[Work required] Please list all lines of the material below in which the string "assumes" occurs.

[Records for this task]

lemma scrambling_overlap_bound:
  assumes W: "stochastic W" and "scrambling W"
  obtains \<gamma> where "0 < \<gamma>" "\<gamma> \<le> 1" "\<And>x y. \<gamma> \<le> (\<Sum>l\<in>UNIV. min (W $ x $ l) (W $ y $ l))"
proof -
  define overlap where "overlap = (\<lambda>(x, y). \<Sum>l\<in>UNIV. min (W $ x $ l) (W $ y $ l))"
  have "0 < overlap (x, y)" for x y
  proof -
    obtain j where "0 < W $ x $ j" "0 < W $ y $ j"
      using \<open>scrambling W\<close> by (auto simp: scrambling_def)
    then show ?thesis
      unfolding overlap_def using stochastic_nonneg[OF W]
      by (auto intro!: sum_pos2[of UNIV j])
  qed
  then have "0 < Min (range overlap)"
    by (subst Min_gr_iff) auto
  moreover have min_le: "Min (range overlap) \<le> overlap (x, y)" for x y
    by (rule Min_le) auto
  moreover have "overlap (x, x) = 1" for x
    using stochastic_row_sum[OF W] by (simp add: overlap_def)
  ultimately show ?thesis
    using min_le[of undefined undefined] by (intro that[of "Min (range overlap)"]) (auto simp: overlap_def)
qed

lemma decseq_incseq_common_limit:
  fixes hi lo :: "nat \<Rightarrow> real"
  assumes hi: "decseq hi" and lo: "incseq lo" and le: "\<And>k. lo k \<le> hi k"
    and \<gamma>: "0 < \<gamma>" "\<gamma> \<le> 1"
    and contract: "\<And>k. hi (N + k) - lo (N + k) \<le> (1 - \<gamma>) * (hi k - lo k)"
  shows "\<exists>c. hi \<longlonglongrightarrow> c \<and> lo \<longlonglongrightarrow> c"
proof -
  have "\<forall>k. lo 0 \<le> hi k"
    using le incseqD[OF lo, of 0] by (meson order.trans zero_le)
  then obtain h where h: "hi \<longlonglongrightarrow> h"
    using decseq_convergent[OF hi] by blast
  have "\<forall>k. lo k \<le> hi 0"
    using le decseqD[OF hi, of 0] by (meson order.trans zero_le)
  then obtain l where l: "lo \<longlonglongrightarrow> l"
    using incseq_convergent[OF lo] by blast
  have osc: "hi (q * N) - lo (q * N) \<le> (1 - \<gamma>) ^ q * (hi 0 - lo 0)" for q
  proof (induction q)
    case (Suc q)
    have "hi (Suc q * N) - lo (Suc q * N) \<le> (1 - \<gamma>) * (hi (q * N) - lo (q * N))"
      using contract[of "q * N"] by (simp add: add.commute)
    also have "\<dots> \<le> (1 - \<gamma>) * ((1 - \<gamma>) ^ q * (hi 0 - lo 0))"
      using Suc \<gamma> by (intro mult_left_mono) auto
    finally show ?case
      by simp
  qed simp
  have "h - l \<le> (1 - \<gamma>) ^ q * (hi 0 - lo 0)" for q
    using decseq_ge[OF hi h, of "q * N"] incseq_le[OF lo l, of "q * N"] osc[of q] by linarith
  moreover have "(\<lambda>q. (1 - \<gamma>) ^ q * (hi 0 - lo 0)) \<longlonglongrightarrow> 0"
    using \<gamma> by (intro tendsto_mult_left_zero LIMSEQ_power_zero) simp
  ultimately have "h - l \<le> 0"
    by (intro LIMSEQ_le[OF tendsto_const]) auto
  moreover have "l \<le> h"
    using le by (intro LIMSEQ_le[OF l h]) auto
  ultimately show ?thesis
    using h l by (intro exI[of _ h]) simp
qed

definition max_entry :: "real^'n \<Rightarrow> real" where
  "max_entry v = Max (range (\<lambda>x. v $ x))"

definition min_entry :: "real^'n \<Rightarrow> real" where
  "min_entry v = Min (range (\<lambda>x. v $ x))"

lemma le_max_entry: "v $ x \<le> max_entry v" and min_entry_le: "min_entry v \<le> v $ x"
  by (simp_all add: max_entry_def min_entry_def)

lemma min_entry_le_max_entry: "min_entry v \<le> max_entry v"
  using min_entry_le le_max_entry by (rule order.trans)

lemma max_entry_attained: "\<exists>x. max_entry v = v $ x" and min_entry_attained: "\<exists>x. min_entry v = v $ x"
proof -
  have "max_entry v \<in> range (\<lambda>x. v $ x)" and "min_entry v \<in> range (\<lambda>x. v $ x)"
    unfolding max_entry_def min_entry_def by (simp_all add: Max_in Min_in)
  then show "\<exists>x. max_entry v = v $ x" and "\<exists>x. min_entry v = v $ x"
    by blast+
qed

[Task response]
  assumes W: "stochastic W" and "scrambling W"
  assumes hi: "decseq hi" and lo: "incseq lo" and le: "\<And>k. lo k \<le> hi k"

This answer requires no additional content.